The problem that events surface for teams is not that prospects and customers aren't sharing buying signals at events. Your buyers are actually sending more signals than ever. The problem is what happens between the time a signal appears and a human takes a meaningful action.
Large enterprises run hundreds, sometimes thousands, of events per year across multiple regions, formats, and audiences. In a digital universe, is there a better human to human opportunity to optimize for great business results? Could a CMO change the company's trajectory if those interactions were properly harnessed and transformed?
Without a unified system of orchestration, those signals are lost in the noise of disparate platforms, broken handoffs, and manual processes that can't keep pace with volume.

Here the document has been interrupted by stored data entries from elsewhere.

lemma expectation_pair_pmf_mult:
  fixes g :: "'a \<Rightarrow> real" and h :: "'b \<Rightarrow> real"
  assumes "finite (set_pmf M)" "finite (set_pmf N)"
  shows "measure_pmf.expectation (pair_pmf M N) (\<lambda>(x, y). g x * h y) =
    measure_pmf.expectation M g * measure_pmf.expectation N h"
proof -
  have "measure_pmf.expectation (pair_pmf M N) (\<lambda>(x, y). g x * h y) =
      (\<Sum>(x, y)\<in>set_pmf M \<times> set_pmf N. g x * h y * pmf (pair_pmf M N) (x, y))"
    using assms by (subst integral_measure_pmf_real[of "set_pmf M \<times> set_pmf N"])
      (auto simp: case_prod_beta)
  also have "\<dots> = (\<Sum>x\<in>set_pmf M. \<Sum>y\<in>set_pmf N. (g x * pmf M x) * (h y * pmf N y))"
    by (simp add: sum.cartesian_product pmf_pair mult_ac)
  also have "\<dots> = measure_pmf.expectation M g * measure_pmf.expectation N h"
    using assms by (simp add: integral_measure_pmf_real sum_product)
  finally show ?thesis .
qed

lemma expectation_Pi_pmf_restrict:
  fixes h :: "('a \<Rightarrow> 'b) \<Rightarrow> real"
  assumes "finite A" "B \<subseteq> A" "\<And>w w'. \<forall>x\<in>B. w x = w' x \<Longrightarrow> h w = h w'"
  shows "measure_pmf.expectation (Pi_pmf A d P) h = measure_pmf.expectation (Pi_pmf B d P) h"
proof -
  have "measure_pmf.expectation (Pi_pmf B d P) h =
      measure_pmf.expectation (Pi_pmf A d P) (\<lambda>w. h (\<lambda>x. if x \<in> B then w x else d))"
    using assms(1,2) by (simp add: Pi_pmf_subset[of A B])
  also have "\<dots> = measure_pmf.expectation (Pi_pmf A d P) h"
    using assms(3) by (intro Bochner_Integration.integral_cong) auto
  finally show ?thesis ..
qed

lemma expectation_Pi_pmf_mult_disjoint:
  fixes g h :: "('a \<Rightarrow> 'b::finite) \<Rightarrow> real"
  assumes "finite C" "A \<subseteq> C" "B \<subseteq> C" "A \<inter> B = {}"
    and g: "\<And>w w'. \<forall>x\<in>A. w x = w' x \<Longrightarrow> g w = g w'"
    and h: "\<And>w w'. \<forall>x\<in>B. w x = w' x \<Longrightarrow> h w = h w'"
  shows "measure_pmf.expectation (Pi_pmf C d P) (\<lambda>w. g w * h w) =
    measure_pmf.expectation (Pi_pmf A d P) g * measure_pmf.expectation (Pi_pmf B d P) h"
proof -
  have fin: "finite A" "finite B"
    using assms(1-3) finite_subset by blast+
  define merge :: "('a \<Rightarrow> 'b) \<times> ('a \<Rightarrow> 'b) \<Rightarrow> 'a \<Rightarrow> 'b" where
    "merge = (\<lambda>(u, v) x. if x \<in> A then u x else v x)"
  have "measure_pmf.expectation (Pi_pmf C d P) (\<lambda>w. g w * h w) =
      measure_pmf.expectation (Pi_pmf (A \<union> B) d P) (\<lambda>w. g w * h w)"
  proof (rule expectation_Pi_pmf_restrict)
    show "g w * h w = g w' * h w'" if "\<forall>x\<in>A \<union> B. w x = w' x" for w w'
      using that g[of w w'] h[of w w'] by simp
  qed (use assms(1-3) in auto)
  also have "\<dots> = measure_pmf.expectation (pair_pmf (Pi_pmf A d P) (Pi_pmf B d P))
      (\<lambda>z. g (merge z) * h (merge z))"
    using fin assms(4) by (simp add: Pi_pmf_union merge_def)
  also have "\<dots> = measure_pmf.expectation (pair_pmf (Pi_pmf A d P) (Pi_pmf B d P))
      (\<lambda>(u, v). g u * h v)"
  proof (intro Bochner_Integration.integral_cong refl)
    fix z :: "('a \<Rightarrow> 'b) \<times> ('a \<Rightarrow> 'b)"
    show "g (merge z) * h (merge z) = (\<lambda>(u, v). g u * h v) z"
      using assms(4) by (cases z) (auto simp: merge_def intro!: arg_cong2[where f = times] g h)
  qed
  also have "\<dots> = measure_pmf.expectation (Pi_pmf A d P) g * measure_pmf.expectation (Pi_pmf B d P) h"
    using fin by (intro expectation_pair_pmf_mult finite_set_pmf_Pi_pmf)
  finally show ?thesis .
qed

To win in a signal-based go-to-market environment, enterprises must move beyond traditional "event planning" and toward true signal orchestration.
The Three-Pillar Framework In Practice
In earlier editions of The Signal, I laid out a simple structure for event intelligence:
- Capture buying signals
- Deliver those signals in real time
- Orchestrate action at scale across revenue teams
Most teams stop at step two. They capture rich engagement and push it into systems faster than before, although rarely in real-time. But revenue results still lag, and it's clear that context is missing between what happened at the event and all other interactions that are being tracked.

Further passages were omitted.